2025–26 Thai FA Cup

Tournament details
- Country: Thailand
- Dates: 24 September 2025 – 31 May 2026
- Teams: 95

Final positions
- Champions: Buriram United (8th title)
- Runners-up: PT Prachuap

Tournament statistics
- Matches played: 94
- Goals scored: 353 (3.76 per match)
- Top goal scorer(s): Aliu Micheal Abdul (7 goals)

Awards
- Best player: Sasalak Haiprakhon

= 2025–26 Thai FA Cup =

The 2025–26 Thai FA Cup is the 32nd season of Thai FA Cup, Thailand's top knockout football competition. Officially named the Chang FA Cup (ช้าง เอฟเอคัพ) due to sponsorship from Chang, the tournament is organized by the Football Association of Thailand and open to clubs across all divisions. 95 clubs entered the competition, which began with the qualification round on 24 September 2025 and will conclude with the final on 31 May 2026.

Clubs from Thai League 2, Thai League 3, the Thailand Semi-pro League, and the Thailand Amateur League compete in the qualification round, with some clubs receiving byes to the first round, which features 64 teams. Thai League 1 clubs automatically enter at this round. Matches in the qualification round proceed to penalties if tied after 90 minutes, while from the first round onward, extra time and penalties are used to determine the winner. All rounds are single-elimination, with home advantage determined by draw, except for the semifinals and final, which are held at neutral venues.

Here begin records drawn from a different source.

lemma in_VV_eq_assign_mat:
  assumes V: "in_VV ms m V"
  obtains f where "V = assign_mat (sum_list ms) m f" "f ` {..<sum_list ms} = {..<m}"
proof -
  let ?l = "sum_list ms"
  have "\<forall>k\<in>{..<?l}. \<exists>c. c < m \<and> (\<forall>c'<m. V $$ (k, c') = (if c' = c then 1 else 0))"
    using in_VV_row_unit[OF V] by (metis lessThan_iff)
  then obtain f where f: "\<And>k. k < ?l \<Longrightarrow> f k < m"
    and row: "\<And>k c. k < ?l \<Longrightarrow> c < m \<Longrightarrow> V $$ (k, c) = (if c = f k then 1 else 0)"
    by (auto dest!: bchoice)
  have VA: "V = assign_mat ?l m f"
    using V row by (intro eq_matI) (auto simp: in_VV_def assign_mat_def)
  have "c \<in> f ` {..<?l}" if "c < m" for c
  proof -
    obtain k where "k < ?l" "V $$ (k, c) = 1"
      using V \<open>c < m\<close> by (auto simp: in_VV_def)
    with row[of k c] \<open>c < m\<close> show ?thesis
      by (auto split: if_splits)
  qed
  with f have "f ` {..<?l} = {..<m}" by auto
  with VA show thesis by (rule that)
qed

lemma assign_mat_gram:
  assumes "f ` {..<l} \<subseteq> {..<m}"
  shows "assign_mat l m f * (assign_mat l m f)\<^sup>T = mat l l (\<lambda>(k, k'). if f k = f k' then 1 else 0)"
proof (rule eq_matI)
  fix k k' assume "k < dim_row (mat l l (\<lambda>(k, k'). if f k = f k' then 1 else 0 :: real))"
    "k' < dim_col (mat l l (\<lambda>(k, k'). if f k = f k' then 1 else 0 :: real))"
  then have kk: "k < l" "k' < l" by auto
  with assms have "f k < m" by auto
  have "(assign_mat l m f * (assign_mat l m f)\<^sup>T) $$ (k, k')
      = (\<Sum>c<m. (if c = f k then 1 else 0) * (if c = f k' then 1 else 0))"
    using kk by (simp add: assign_mat_def scalar_prod_def atLeast0LessThan)
  also have "\<dots> = (\<Sum>c<m. if c = f k then (if f k = f k' then 1 else 0) else 0)"
    by (rule sum.cong) auto
  also have "\<dots> = (if f k = f k' then 1 else 0)"
    using \<open>f k < m\<close> by simp
  finally show "(assign_mat l m f * (assign_mat l m f)\<^sup>T) $$ (k, k')
      = mat l l (\<lambda>(k, k'). if f k = f k' then 1 else 0) $$ (k, k')"
    using kk by simp
qed (auto simp: assign_mat_def)

lemma rowsum_diag_assign_gram:
  assumes "f ` {..<l} \<subseteq> {..<m}"
  shows "rowsum_diag (assign_mat l m f * (assign_mat l m f)\<^sup>T)
    = mat_diag l (\<lambda>k. real (fiber_card l f (f k)))"
  unfolding assign_mat_gram[OF assms] rowsum_diag_eq_mat_diag
  by (rule eq_matI) (simp_all add: mat_diag_def sum_indicator_eq_fiber_card)

lemma U_of_assign_mat:
  assumes "f ` {..<l} \<subseteq> {..<m}"
  shows "U_of (assign_mat l m f)
    = mat l m (\<lambda>(k, c). if c = f k then 1 / sqrt (real (fiber_card l f (f k))) else 0)"
  unfolding U_of_def rowsum_diag_assign_gram[OF assms] diag_inv_sqrt_mat_diag
  by (subst mat_diag_mult_left[of _ l m]) (auto simp: assign_mat_def)

lemma U_of_assign_mat_orthonormal:
  assumes f: "f ` {..<l} = {..<m}"
  shows "(U_of (assign_mat l m f))\<^sup>T * U_of (assign_mat l m f) = 1\<^sub>m m"
proof (rule eq_matI)
  fix c c' assume "c < dim_row (1\<^sub>m m :: real mat)" "c' < dim_col (1\<^sub>m m :: real mat)"
  then have cc: "c < m" "c' < m" by auto
  have pos: "fiber_card l f c > 0"
    using f cc fiber_card_pos[of c f l] by auto
  let ?x = "\<lambda>k. 1 / sqrt (real (fiber_card l f (f k)))"
  have "((U_of (assign_mat l m f))\<^sup>T * U_of (assign_mat l m f)) $$ (c, c')
      = (\<Sum>k<l. (if c = f k then ?x k else 0) * (if c' = f k then ?x k else 0))"
    using cc unfolding U_of_assign_mat[OF equalityD1[OF f]]
    by (simp add: scalar_prod_def atLeast0LessThan)
  also have "\<dots> = (\<Sum>k<l. (if c = c' then 1 / real (fiber_card l f c) else 0) * (if c = f k then 1 else 0))"
    by (rule sum.cong) (auto simp: real_sqrt_mult[symmetric])
  also have "\<dots> = (if c = c' then 1 else 0)"
    using pos by (auto simp: sum_indicator_eq_fiber_card simp flip: sum_distrib_left)
  finally show "((U_of (assign_mat l m f))\<^sup>T * U_of (assign_mat l m f)) $$ (c, c') = 1\<^sub>m m $$ (c, c')"
    using cc by simp
qed (auto simp: U_of_assign_mat[OF equalityD1[OF f]])
(* Let $h_1,h_2\in\mathbb{C}\setminus\{0\}$ with $|h_1|>|h_2|$, deadlines $D_1<D_2$, minimum blocklength $\hat m>0$, power budget $P_{\max}>0$, packet sizes $N_1,N_2>0$ and error probabilities $\epsilon_1,\epsilon_2\in(0,1)$. For $k=1,2$ define, for $m>0,\gamma>0$, $$F_k(m,\gamma)=\sqrt{\frac{1}{m}\left(1-\frac{1}{(\gamma+1)^2}\right)}\,\frac{Q^{-1}(\epsilon_k)}{\ln 2}-\log_2(1+\gamma)+\frac{N_k}{m},$$ and let $\Gamma_k(m)$ denote the implicit function defined by $F_k(m,\Gamma_k(m))=0$, $\Gamma_k(m)>0$. Consider the problem $$\min_{\{m_k,p_k,\gamma_k\}_{k=1,2}} m_1p_1+m_2p_2$$ subject to $F_k(m_k,\gamma_k)=0$, $\hat m\le m_k\le D_k$, $p_k\ge0$ for $k=1,2$, $p_1+p_2\le P_{\max}$, $\gamma_1=\frac{p_1|h_1|^2}{p_2|h_1|^2+1}$, $\gamma_2=\frac{p_2|h_2|^2}{p_1|h_2|^2+1}$. If $\frac{Q^{-1}(\epsilon_k)}{\sqrt{N_k}}\le \frac{2\sqrt{\ln 2}}{4-\sqrt2}=0.64394\ldots$ for $k=1,2$ and the problem is feasible, then an optimal solution is $$m_k^*=D_k,\quad \gamma_k^*=\Gamma_k(D_k)\ (k=1,2),$$ $$p_1^*=\frac{\gamma_1^*|h_2|^2+\gamma_1^*\gamma_2^*|h_1|^2}{|h_1|^2|h_2|^2(1-\gamma_1^*\gamma_2^* )},\quad p_2^*=\frac{\gamma_2^*|h_1|^2+\gamma_1^*\gamma_2^*|h_2|^2}{|h_1|^2|h_2|^2(1-\gamma_1^*\gamma_2^* )}.$$
   Context: $Q^{-1}$ is the inverse of the Gaussian Q-function. The setting is a two-user single-antenna downlink with superposition coding and unit noise variances, in which both receivers treat the other receiver's signal as noise. Blocklengths $m_k$ are treated as continuous variables. The constraint $F_k(m_k,\gamma_k)=0$ is the finite-blocklength rate relation $\frac{N_k}{m_k}=\log_2(1+\gamma_k)-\sqrt{\frac{1}{m_k}\big(1-\frac{1}{(1+\gamma_k)^2}\big)}\frac{Q^{-1}(\epsilon_k)}{\ln2}$. *)

theory Defs
  imports "HOL-Probability.Probability"
begin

The tournament winner will earn a spot in the 2026–27 AFC Champions League Elite League stage and the 2026 Thailand Champions Cup. The champion will also receive a prize of 5,000,000 baht, while the runner-up will be awarded 1,000,000 baht. As one of the most prestigious competitions in Thai football, the FA Cup offers clubs from all tiers a chance to compete for national honors.

==Schedule==

| Round | Date | Matches | Clubs | New entries this round |
|---|---|---|---|---|
| Qualification round | 24 September 2025 | 31 | 10 + 33 + 9 + 10 → 31 | 10 2025–26 Thai League 2 33 2025–26 Thai League 3 9 Thailand Semi-pro League 10 Thailand Amateur League |
| First round | 29–30 October 2025 | 32 | 31 + 16 + 4 + 6 + 3 + 4 → 32 | 16 2025–26 Thai League 1 4 2025–26 Thai League 2 6 2025–26 Thai League 3 3 Thailand Semi-pro League 4 Thailand Amateur League |
| Second round | 20–21 December 2025 | 16 | 32 → 16 |  |
| Third round | 14 January 2026 | 8 | 16 → 8 |  |
| Quarter-finals | 25 February 2026 | 4 | 8 → 4 |  |
| Semi-finals | 17 May 2026 | 2 | 4 → 2 |  |
| Final | 31 May 2026 | 1 | 2 → Champions |  |
| Total |  |  |  | 95 clubs |

==Results==
Note: T1: Clubs from Thai League 1; T2: Clubs from Thai League 2; T3: Clubs from Thai League 3; TS: Clubs from Thailand Semi-pro League; TA: Clubs from Thailand Amateur League.

===Qualification round===
The qualification round of the 2025–26 Thai FA Cup featured 62 clubs, comprising 10 clubs from 2025–26 Thai League 2, 33 clubs from 2025–26 Thai League 3, 7 clubs from Thailand Semi-pro League, and 12 clubs from the Thailand Amateur League. The draw for this round took place on 29 August 2025. 114 goals were scored in this round.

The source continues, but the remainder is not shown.